◆ **REQUIREMENT**:
Each record is to be printed again precisely as it reads.
***** DATA TO USE *****
(* Let $(G,O)$ be an equipped group such that the elements of $O$ generate $G$, and let $\widehat G$ be the associated $C$-group. If $G$ is a perfect group, then $\widehat G$ is isomorphic to the direct product $[\widehat G,\widehat G]\times(\widehat G/[\widehat G,\widehat G])$.
   Context: An equipped group is a pair $(G,O)$, $G$ a group, $O\subset G$ a union of finitely many conjugacy classes, $1\notin O$. The associated $C$-group $\widehat G$ (the $C$-group equivalent to $(G,O)$) is the group with generators $y_g$ ($g\in O$) and relations $y_h^{-1}y_gy_h=y_{h^{-1}gh}$ for all $g,h\in O$. *)

theory Defs
  imports "HOL-Algebra.Algebra"
begin

definition conj_class :: "('a, 'b) monoid_scheme \<Rightarrow> 'a \<Rightarrow> 'a set" where
  "conj_class G g = {inv\<^bsub>G\<^esub> h \<otimes>\<^bsub>G\<^esub> g \<otimes>\<^bsub>G\<^esub> h | h. h \<in> carrier G}"

definition equipped_group :: "('a, 'b) monoid_scheme \<Rightarrow> 'a set \<Rightarrow> bool" where
  "equipped_group G Oc \<longleftrightarrow> group G \<and> Oc \<subseteq> carrier G \<and> \<one>\<^bsub>G\<^esub> \<notin> Oc \<and>
     (\<exists>S. finite S \<and> S \<subseteq> carrier G \<and> Oc = (\<Union>s\<in>S. conj_class G s))"

definition perfect_group :: "('a, 'b) monoid_scheme \<Rightarrow> bool" where
  "perfect_group G \<longleftrightarrow> derived G (carrier G) = carrier G"

text \<open>Words in the generators y_g (g in Oc): a letter (g, True) stands for y_g,
  (g, False) for y_g^{-1}.\<close>

inductive cgroup_eq :: "('a, 'b) monoid_scheme \<Rightarrow> 'a set \<Rightarrow> ('a \<times> bool) list \<Rightarrow> ('a \<times> bool) list \<Rightarrow> bool"
  for G Oc where
  refl: "w \<in> lists (Oc \<times> UNIV) \<Longrightarrow> cgroup_eq G Oc w w"
| sym: "cgroup_eq G Oc u v \<Longrightarrow> cgroup_eq G Oc v u"
| trans: "cgroup_eq G Oc u v \<Longrightarrow> cgroup_eq G Oc v w \<Longrightarrow> cgroup_eq G Oc u w"
| cancel: "u \<in> lists (Oc \<times> UNIV) \<Longrightarrow> v \<in> lists (Oc \<times> UNIV) \<Longrightarrow> g \<in> Oc \<Longrightarrow>
     cgroup_eq G Oc (u @ [(g, b), (g, \<not> b)] @ v) (u @ v)"
| rel: "u \<in> lists (Oc \<times> UNIV) \<Longrightarrow> v \<in> lists (Oc \<times> UNIV) \<Longrightarrow> g \<in> Oc \<Longrightarrow> h \<in> Oc \<Longrightarrow>
     cgroup_eq G Oc (u @ [(h, False), (g, True), (h, True)] @ v)
                   (u @ [(inv\<^bsub>G\<^esub> h \<otimes>\<^bsub>G\<^esub> g \<otimes>\<^bsub>G\<^esub> h, True)] @ v)"

definition cgroup_rel :: "('a, 'b) monoid_scheme \<Rightarrow> 'a set \<Rightarrow> (('a \<times> bool) list \<times> ('a \<times> bool) list) set" where
  "cgroup_rel G Oc = {(u, v). cgroup_eq G Oc u v}"

definition C_group :: "('a, 'b) monoid_scheme \<Rightarrow> 'a set \<Rightarrow> ('a \<times> bool) list set monoid" where
  "C_group G Oc =
    \<lparr> carrier = lists (Oc \<times> UNIV) // cgroup_rel G Oc,
      monoid.mult = (\<lambda>A B. \<Union>x\<in>A. \<Union>y\<in>B. cgroup_rel G Oc `` {x @ y}),
      one = cgroup_rel G Oc `` {[]} \<rparr>"

end

theory Submission
  imports Defs
begin

(*
  The C-group maps onto G by y_g \<mapsto> g, and conjugating y_g by an element c of the C-group gives
  y_{h^-1 g h} where h is the image of c; hence the kernel of this projection is central.
  As G is perfect, every element of G lifts to the commutator subgroup D.  Choosing one
  representative r in each conjugacy class contained in O together with a lift d_r \<in> D of r,
  the elements z_g = y_r d_r^-1 (r the representative of the class of g) are central,
  congruent to y_g modulo D and constant on conjugacy classes, so they satisfy the defining
  relations.  Thus y_g \<mapsto> z_g extends to an endomorphism \<sigma> with central image which is the
  identity modulo D and kills D; it is idempotent with kernel D, and
  x \<mapsto> (x \<sigma>(x)^-1, D x) is an isomorphism onto D \<times> (C-group / D).
*)

section \<open>Generators, commutators and central retractions\<close>

lemma (in group) mult_inv_cancel_left [simp]:
  "x \<in> carrier G \<Longrightarrow> y \<in> carrier G \<Longrightarrow> x \<otimes> (inv x \<otimes> y) = y"
  by (simp add: m_assoc[symmetric])

lemma (in group) inv_mult_cancel_left [simp]:
  "x \<in> carrier G \<Longrightarrow> y \<in> carrier G \<Longrightarrow> inv x \<otimes> (x \<otimes> y) = y"
  by (simp add: m_assoc[symmetric])

lemma (in group) commute_generate:
  assumes "S \<subseteq> carrier G" "z \<in> carrier G" "\<And>s. s \<in> S \<Longrightarrow> z \<otimes> s = s \<otimes> z"
    and "x \<in> generate G S"
  shows "z \<otimes> x = x \<otimes> z"
  using assms(4)
proof (induction x rule: generate.induct)
  case (inv s)
  then have s: "s \<in> carrier G" using assms(1) by blast
  have "z \<otimes> inv s = inv s \<otimes> (s \<otimes> z) \<otimes> inv s"
    using s assms(2) by (simp add: m_assoc[symmetric])
  also have "\<dots> = inv s \<otimes> (z \<otimes> s) \<otimes> inv s"
    using assms(3)[OF inv] by simp
  also have "\<dots> = inv s \<otimes> z"
    using s assms(2) by (simp add: m_assoc)
  finally show ?case .
next
  case (eng x y)
  have "x \<in> carrier G" "y \<in> carrier G"
    using eng.hyps generate_in_carrier[OF assms(1)] by auto
  with eng.IH assms(2) show ?case by (metis m_assoc)
qed (use assms in auto)

lemma (in normal) rcos_hom_eq_generate:
  assumes hom: "\<sigma> \<in> hom G G" and S: "S \<subseteq> carrier G"
    and gens: "\<And>s. s \<in> S \<Longrightarrow> H #> \<sigma> s = H #> s"
    and x: "x \<in> generate G S"
  shows "H #> \<sigma> x = H #> x"
proof -
  interpret \<sigma>: group_hom G G \<sigma>
    using hom by (simp add: group_hom_def group_hom_axioms_def is_group)
  from x show ?thesis
  proof (induction x rule: generate.induct)
    case (inv s)
    then have "s \<in> carrier G" using S by blast
    then show ?case
      using gens[OF inv] by (simp flip: rcos_inv)
  next
    case (eng x y)
    have "x \<in> carrier G" "y \<in> carrier G"
      using eng.hyps generate_in_carrier[OF S] by auto
    with eng.IH show ?case by (simp flip: rcos_sum)
  qed (use gens in auto)
qed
*****
◆ **RESPONSE TO THE EXERCISE**:
(* Let $(G,O)$ be an equipped group such that the elements of $O$ generate $G$, and let $\widehat G$ be the associated $C$-group. If $G$ is a perfect group, then $\widehat G$ is isomorphic to the direct product $[\widehat G,\widehat G]\times(\widehat G/[\widehat G,\widehat G])$.
   Context: An equipped group is a pair $(G,O)$, $G$ a group, $O\subset G$ a union of finitely many conjugacy classes, $1\notin O$. The associated $C$-group $\widehat G$ (the $C$-group equivalent to $(G,O)$) is the group with generators $y_g$ ($g\in O$) and relations $y_h^{-1}y_gy_h=y_{h^{-1}gh}$ for all $g,h\in O$. *)

theory Defs
  imports "HOL-Algebra.Algebra"
begin

definition conj_class :: "('a, 'b) monoid_scheme \<Rightarrow> 'a \<Rightarrow> 'a set" where
  "conj_class G g = {inv\<^bsub>G\<^esub> h \<otimes>\<^bsub>G\<^esub> g \<otimes>\<^bsub>G\<^esub> h | h. h \<in> carrier G}"

definition equipped_group :: "('a, 'b) monoid_scheme \<Rightarrow> 'a set \<Rightarrow> bool" where
  "equipped_group G Oc \<longleftrightarrow> group G \<and> Oc \<subseteq> carrier G \<and> \<one>\<^bsub>G\<^esub> \<notin> Oc \<and>
     (\<exists>S. finite S \<and> S \<subseteq> carrier G \<and> Oc = (\<Union>s\<in>S. conj_class G s))"

definition perfect_group :: "('a, 'b) monoid_scheme \<Rightarrow> bool" where
  "perfect_group G \<longleftrightarrow> derived G (carrier G) = carrier G"

text \<open>Words in the generators y_g (g in Oc): a letter (g, True) stands for y_g,
  (g, False) for y_g^{-1}.\<close>

inductive cgroup_eq :: "('a, 'b) monoid_scheme \<Rightarrow> 'a set \<Rightarrow> ('a \<times> bool) list \<Rightarrow> ('a \<times> bool) list \<Rightarrow> bool"
  for G Oc where
  refl: "w \<in> lists (Oc \<times> UNIV) \<Longrightarrow> cgroup_eq G Oc w w"
| sym: "cgroup_eq G Oc u v \<Longrightarrow> cgroup_eq G Oc v u"
| trans: "cgroup_eq G Oc u v \<Longrightarrow> cgroup_eq G Oc v w \<Longrightarrow> cgroup_eq G Oc u w"
| cancel: "u \<in> lists (Oc \<times> UNIV) \<Longrightarrow> v \<in> lists (Oc \<times> UNIV) \<Longrightarrow> g \<in> Oc \<Longrightarrow>
     cgroup_eq G Oc (u @ [(g, b), (g, \<not> b)] @ v) (u @ v)"
| rel: "u \<in> lists (Oc \<times> UNIV) \<Longrightarrow> v \<in> lists (Oc \<times> UNIV) \<Longrightarrow> g \<in> Oc \<Longrightarrow> h \<in> Oc \<Longrightarrow>
     cgroup_eq G Oc (u @ [(h, False), (g, True), (h, True)] @ v)
                   (u @ [(inv\<^bsub>G\<^esub> h \<otimes>\<^bsub>G\<^esub> g \<otimes>\<^bsub>G\<^esub> h, True)] @ v)"

definition cgroup_rel :: "('a, 'b) monoid_scheme \<Rightarrow> 'a set \<Rightarrow> (('a \<times> bool) list \<times> ('a \<times> bool) list) set" where
  "cgroup_rel G Oc = {(u, v). cgroup_eq G Oc u v}"

definition C_group :: "('a, 'b) monoid_scheme \<Rightarrow> 'a set \<Rightarrow> ('a \<times> bool) list set monoid" where
  "C_group G Oc =
    \<lparr> carrier = lists (Oc \<times> UNIV) // cgroup_rel G Oc,
      monoid.mult = (\<lambda>A B. \<Union>x\<in>A. \<Union>y\<in>B. cgroup_rel G Oc `` {x @ y}),
      one = cgroup_rel G Oc `` {[]} \<rparr>"

end

theory Submission
  imports Defs
begin

(*
  The C-group maps onto G by y_g \<mapsto> g, and conjugating y_g by an element c of the C-group gives
  y_{h^-1 g h} where h is the image of c; hence the kernel of this projection is central.
  As G is perfect, every element of G lifts to the commutator subgroup D.  Choosing one
  representative r in each conjugacy class contained in O together with a lift d_r \<in> D of r,
  the elements z_g = y_r d_r^-1 (r the representative of the class of g) are central,
  congruent to y_g modulo D and constant on conjugacy classes, so they satisfy the defining
  relations.  Thus y_g \<mapsto> z_g extends to an endomorphism \<sigma> with central image which is the
  identity modulo D and kills D; it is idempotent with kernel D, and
  x \<mapsto> (x \<sigma>(x)^-1, D x) is an isomorphism onto D \<times> (C-group / D).
*)

section \<open>Generators, commutators and central retractions\<close>

lemma (in group) mult_inv_cancel_left [simp]:
  "x \<in> carrier G \<Longrightarrow> y \<in> carrier G \<Longrightarrow> x \<otimes> (inv x \<otimes> y) = y"
  by (simp add: m_assoc[symmetric])

lemma (in group) inv_mult_cancel_left [simp]:
  "x \<in> carrier G \<Longrightarrow> y \<in> carrier G \<Longrightarrow> inv x \<otimes> (x \<otimes> y) = y"
  by (simp add: m_assoc[symmetric])

lemma (in group) commute_generate:
  assumes "S \<subseteq> carrier G" "z \<in> carrier G" "\<And>s. s \<in> S \<Longrightarrow> z \<otimes> s = s \<otimes> z"
    and "x \<in> generate G S"
  shows "z \<otimes> x = x \<otimes> z"
  using assms(4)
proof (induction x rule: generate.induct)
  case (inv s)
  then have s: "s \<in> carrier G" using assms(1) by blast
  have "z \<otimes> inv s = inv s \<otimes> (s \<otimes> z) \<otimes> inv s"
    using s assms(2) by (simp add: m_assoc[symmetric])
  also have "\<dots> = inv s \<otimes> (z \<otimes> s) \<otimes> inv s"
    using assms(3)[OF inv] by simp
  also have "\<dots> = inv s \<otimes> z"
    using s assms(2) by (simp add: m_assoc)
  finally show ?case .
next
  case (eng x y)
  have "x \<in> carrier G" "y \<in> carrier G"
    using eng.hyps generate_in_carrier[OF assms(1)] by auto
  with eng.IH assms(2) show ?case by (metis m_assoc)
qed (use assms in auto)

lemma (in normal) rcos_hom_eq_generate:
  assumes hom: "\<sigma> \<in> hom G G" and S: "S \<subseteq> carrier G"
    and gens: "\<And>s. s \<in> S \<Longrightarrow> H #> \<sigma> s = H #> s"
    and x: "x \<in> generate G S"
  shows "H #> \<sigma> x = H #> x"
proof -
  interpret \<sigma>: group_hom G G \<sigma>
    using hom by (simp add: group_hom_def group_hom_axioms_def is_group)
  from x show ?thesis
  proof (induction x rule: generate.induct)
    case (inv s)
    then have "s \<in> carrier G" using S by blast
    then show ?case
      using gens[OF inv] by (simp flip: rcos_inv)
  next
    case (eng x y)
    have "x \<in> carrier G" "y \<in> carrier G"
      using eng.hyps generate_in_carrier[OF S] by auto
    with eng.IH show ?case by (simp flip: rcos_sum)
  qed (use gens in auto)
qed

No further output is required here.